Denn in dem Moment, wo man über sich selbst nachdenkt, macht man sich zum Objekt seines Denkens. Der Film kann dies Versinnbildlichen, indem eine Regisseurin namens Nikki S. Lee sich selbst vor die Kamera stellt, filmendes Subjekt und gefilmtes Objekt ist – jedoch nicht sie selbst. Man gibt die Authentizität in genau dem Moment auf, wenn man nach ihr zu suchen beginnt. Aus dieser Tatsache zieht Nikki S. Lee eine Lehre und begreift ihr Leben als „pattern“, das sich den jeweiligen Bedürfnissen der Situationen, in die sie gerät, anpassen lässt. So stiftet Nikki S. Lee sich ein Selbst, das eine Bricolage aus unterschiedlichsten Rollen ist. Das aber genau, glaubt man den Sozialwissenschaften, ist das, was eine Persönlichkeit letztlich definiert: die Summe von den Beziehungen, in denen sie steht. Indem Nikki S. Lee sich also auf diese Weise konstruiert, wird sie „selbst“. Ihr Film, der bezeichnenderweise mit einem „a.k.a.“ beginnt, zeigt damit vielleicht doch das, was seine Autorin in ihm sucht.
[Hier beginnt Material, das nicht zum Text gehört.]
(* Let $(\mathcal D,\mathcal R)$ be a CLKID$^\omega_N$ pre-proof tree whose root is labelled by the sequent $S$. Normalising it yields a pre-proof tree-set $(\mathcal{MD},\mathcal{MR})$ with the following two properties. (1) $(\mathcal{MD},\mathcal{MR})$ contains a tree whose root is labelled by $S$. (2) In every rb-path $[R,\dots,H,B]$ of $(\mathcal{MD},\mathcal{MR})$, the bud $B$ is the only node labelled by the premise of a $(Subst)$ step. Moreover, a node of such an rb-path is a $(Subst)$-node if and only if it is the IH-node $H$.
   Context: Rules. CLKID$^\omega_N$ is a sequent calculus for first-order logic with inductive definitions. Among its rules, $(Subst)$ infers $\Gamma[\theta]\vdash\Delta[\theta]$ from $\Gamma\vdash\Delta$ for a substitution $\theta$. A $(Subst)$-node is a node whose sequent is the conclusion of a $(Subst)$ step. Pre-proofs. A pre-proof tree $(\mathcal D,\mathcal R)$ is a finite derivation tree. Each terminal node is either a leaf (the conclusion of a 0-premise rule) or a bud, and $\mathcal R$ assigns to each bud a companion node labelled by the same sequent. A pre-proof tree-set $(\mathcal{MD},\mathcal{MR})$ is a finite set of such trees in which companions may lie in any tree. $S(N)$ denotes the label of node $N$. Paths. A path is a list of nodes in which each next node is either labelled by a premise of the rule applied at the current internal node (its child), or is the companion of the current node when that node is a bud. An rb-path is a path $[R,\dots,H,B]$ from the root $R$ of a tree to a bud $B$ of the same tree that contains no other bud; $H$ is called the IH-node. Normalisation. It is the exhaustive application of the following operations. (O1) For an internal non-bud node $N$ labelled by the premise of a $(Subst)$ step: the subtree rooted at $N$ is detached to form a new tree rooted at a copy of $N$, and $N$'s original position becomes a bud whose companion is that new root. (O2) For a non-root companion $C$: the subtree rooted at $C$ is detached to form a new tree with root $C^*$ labelled $S(C)$, which becomes the companion of the buds formerly pointing to $C$. At $C$'s original position, a node labelled $S(C)$ becomes the conclusion of a $(Subst)$ step with the empty substitution, whose premise is a new bud with companion $C^*$. (O3) For a bud $B$ whose sequent is the premise of a rule other than $(Subst)$: apply $(Subst)$ with the empty substitution to $S(B)$, and the node labelled by its premise becomes the new bud, with the same companion. *)

theory Defs
  imports Main
begin

(* The theorem is purely structural.  The calculus is kept abstract:
     'q  : sequents
     'r  : names of the rules other than (Subst)
     's  : substitutions
     sapp th S : the sequent S[th]
     valid r Ps C : "C follows from premises Ps by rule r" (non-Subst rules)
     eps : the empty substitution
   A pre-proof tree-set is a finite graph of nodes (natural numbers) with
   root set, labels, the rule applied at each node (None for buds), the
   ordered list of children (premises) and the companion of each bud.
   ------------------------------------------------------------------------ *)

datatype ('r, 's) rstep = Rule 'r | Subst 's

record ('q, 'r, 's) ptset =
  nodes :: "nat set"
  roots :: "nat set"
  lab   :: "nat \<Rightarrow> 'q"
  app   :: "nat \<Rightarrow> ('r, 's) rstep option"
  kids  :: "nat \<Rightarrow> nat list"
  comp  :: "nat \<Rightarrow> nat option"

definition edges :: "('q, 'r, 's) ptset \<Rightarrow> (nat \<times> nat) set" where
  "edges T = {(p, c). p \<in> nodes T \<and> c \<in> set (kids T p)}"

definition is_bud :: "('q, 'r, 's) ptset \<Rightarrow> nat \<Rightarrow> bool" where
  "is_bud T n \<longleftrightarrow> n \<in> nodes T \<and> comp T n \<noteq> None"

definition subst_premise :: "('q, 'r, 's) ptset \<Rightarrow> nat \<Rightarrow> bool" where
  "subst_premise T n \<longleftrightarrow>
     (\<exists>p \<in> nodes T. \<exists>th. app T p = Some (Subst th) \<and> n \<in> set (kids T p))"
(* Let $\alpha\in\mathbb{R}^n$ be a real vector and $\mu\in\mathbb{R}^n_+$ a non-negative vector such that the weights $\mu$ are monotone in the degrees $d$ (i.e., for all $i,j\in V$, $1<d_i<d_j$ implies $\mu_i\leqslant\mu_j$) and the matrix $\mathrm{diag}(\alpha)+\mu\mu^\top-A$ is positive semidefinite. Then for any tree $T\in\mathcal{T}(d)$ $$C_A(T)\geqslant LB(\alpha,\mu):=\frac{n-1}{2}\sum_{i,j=1}^n\mu_{ij}-\left(\frac{n-1}{2}\sum_{i=1}^n\alpha_i+\mu^\top P(H(\mu))\mu\right),$$ where $H(\mu)\in\mathcal{H}(\mu,d)$ is a Huffman tree for the weight sequence $\mu$ and degree sequence $d$. In other words, $LB(\alpha,\mu)$ is a lower bound for $\min_{T\in\mathcal{T}(d)}C_A(T)$.
   Context: Let $V=\{1,\dots,n\}$ be a set of terminals and $A=(\mu_{ij})_{i,j=1}^n$ a symmetric non-negative flow matrix (the entries $\mu_{ij}$ of $A$ are distinct from the components $\mu_i$ of the weight vector $\mu$). Let $d=(d_1,\dots,d_n)$ be a generating degree sequence, i.e., a sequence of natural numbers with $\sum_{i=1}^n d_i=2(n-1)$, and let $\mathcal{T}(d)$ be the set of trees on vertex set $V$ in which vertex $i$ has degree $d_i$ for all $i$. For a tree $T$, $D(T)=(d_T(i,j))_{i,j=1}^n$ is its shortest-path distance matrix, and the cost is $C_A(T)=\sum_{\{i,j\}\subset V}\mu_{ij}d_T(i,j)=\frac12\mathrm{tr}\,D(T)A$ (the proof in the paper works with $C_A(T)=\mathrm{tr}\,D(T)A$). Let $J$ be the $n\times n$ all-ones matrix and $P(T):=\frac{n-1}{2}J-D(T)$; $P(T)$ is positive semidefinite for every tree $T$ of order $n$. For a weight vector $\mu$, the vertex-weighted Wiener index is $WI_\mu(T)=\mu^\top D(T)\mu$. $\mathcal{H}(\mu,d)$ denotes the set of trees produced by the generalized Huffman algorithm for weights $\mu$ and degrees $d$: starting from the set $W$ of pendent vertices ($d_i=1$) and the set $M$ of internal vertices, it repeatedly picks $m\in M$ of least current weight (ties broken by least degree), attaches to it the $d_m-1$ vertices of least weight in $W$, removes them from $W$, adds their weights to $\mu_m$, and moves $m$ from $M$ to $W$; when one internal vertex remains it is joined to all remaining vertices of $W$. It is known that if $\mu$ is monotone in $d$, every minimizer of $WI_\mu$ over $\mathcal{T}(d)$ is such a Huffman tree, and all Huffman trees in $\mathcal{H}(\mu,d)$ share the same value of $WI_\mu$. *)

theory Defs
  imports Complex_Main
begin
(* Let $\lambda\geq\kappa$ be regular infinite cardinals. Let $\mathcal{L}$ be a distributive lattice which, regarded as a (poset) category, is $(\lambda,\kappa)$-coherent, and let $(A_i)_{i<\kappa}$ be a collection of subsets of $\mathcal{L}$, each of cardinality $<\lambda$. Then there is a set $X$ and an injective order-preserving map $\mathcal{L}\hookrightarrow\mathcal{P}(X)$ into the power set Boolean algebra which preserves all meets of fewer than $\kappa$ elements and which, for each $i<\kappa$, preserves the join $\bigcup A_i$.
   Context: A category $\mathcal{C}$ is $(\lambda,\kappa)$-coherent if: (i) it has all limits of diagrams with fewer than $\kappa$ morphisms; (ii) it has pullback-stable effective epi–mono factorizations; (iii) it has pullback-stable unions of fewer than $\lambda$ subobjects; (iv) for every rooted cotree in $\mathcal{C}$ (a diagram indexed by the opposite of a rooted tree, with arrows from the immediate successors of each node into it) such that at each node having immediate successors these form an extremal epimorphic family with fewer than $\lambda$ members, every branch has length $<\kappa$, and every branch is continuous (objects at limit positions are limits of the preceding objects), the family of transfinite cocompositions of the branches (limit of the branch with its map to the root) is extremal epimorphic on the root. A family $(f_i:x_i\to y)$ is extremal epimorphic if it does not factor through any proper subobject of $y$. *)

theory Defs
  imports Main
begin

unbundle cardinal_syntax

text \<open>A distributive lattice regarded as a poset category: objects are the
elements, there is an arrow x \<rightarrow> y iff x \<le> y.  Cardinals are represented
as cardinal orders (BNF_Cardinal_Order_Relation); "fewer than kap" is
ordLess of the cardinality.\<close>

definition is_glb :: "'a::order set \<Rightarrow> 'a \<Rightarrow> bool" where
  "is_glb S m \<longleftrightarrow> (\<forall>s\<in>S. m \<le> s) \<and> (\<forall>y. (\<forall>s\<in>S. y \<le> s) \<longrightarrow> y \<le> m)"

definition is_lub :: "'a::order set \<Rightarrow> 'a \<Rightarrow> bool" where
  "is_lub S j \<longleftrightarrow> (\<forall>s\<in>S. s \<le> j) \<and> (\<forall>y. (\<forall>s\<in>S. s \<le> y) \<longrightarrow> j \<le> y)"

text \<open>In a poset the limit
of a diagram is the greatest lower bound of the objects in its image, and a set
of objects of size < kap (kap infinite) is the image of a discrete diagram with
fewer than kap morphisms (and conversely).\<close>
definition has_small_limits :: "'k rel \<Rightarrow> 'a::distrib_lattice itself \<Rightarrow> bool" where
  "has_small_limits kap _ \<longleftrightarrow> (\<forall>S::'a set. |S| <o kap \<longrightarrow> (\<exists>m. is_glb S m))"

text \<open>(ii) In a poset category every arrow is monic; the kernel pair of x \<le> y
is (id_x, id_x), whose coequalizer is x, so x \<rightarrow> y is an effective epimorphism
iff x = y.  Pullback of x \<le> y along z \<le> y is z \<sqinter> x.\<close>
definition effective_epi :: "'a::order \<Rightarrow> 'a \<Rightarrow> bool" where
  "effective_epi x y \<longleftrightarrow> x \<le> y \<and> x = y"

definition has_stable_factorizations :: "'a::distrib_lattice itself \<Rightarrow> bool" where
  "has_stable_factorizations _ \<longleftrightarrow>
     (\<forall>x y::'a. x \<le> y \<longrightarrow> (\<exists>m. effective_epi x m \<and> m \<le> y \<and>
        (\<forall>z. z \<le> y \<longrightarrow> effective_epi (inf z x) (inf z m))))"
Ob er – wie es der Stil andeutet und die zu Beginn formulierte Agenda plant – damit noch ein Dokumentarfilm ist, muss jedoch bezweifelt werden, wenn man Dokumentarfilm als eine Gattung (miss)versteht, die objektive Realität einfängt und diese nicht erst konstruiert.

1,216 Kommentare zu “Identität und Konstruktion”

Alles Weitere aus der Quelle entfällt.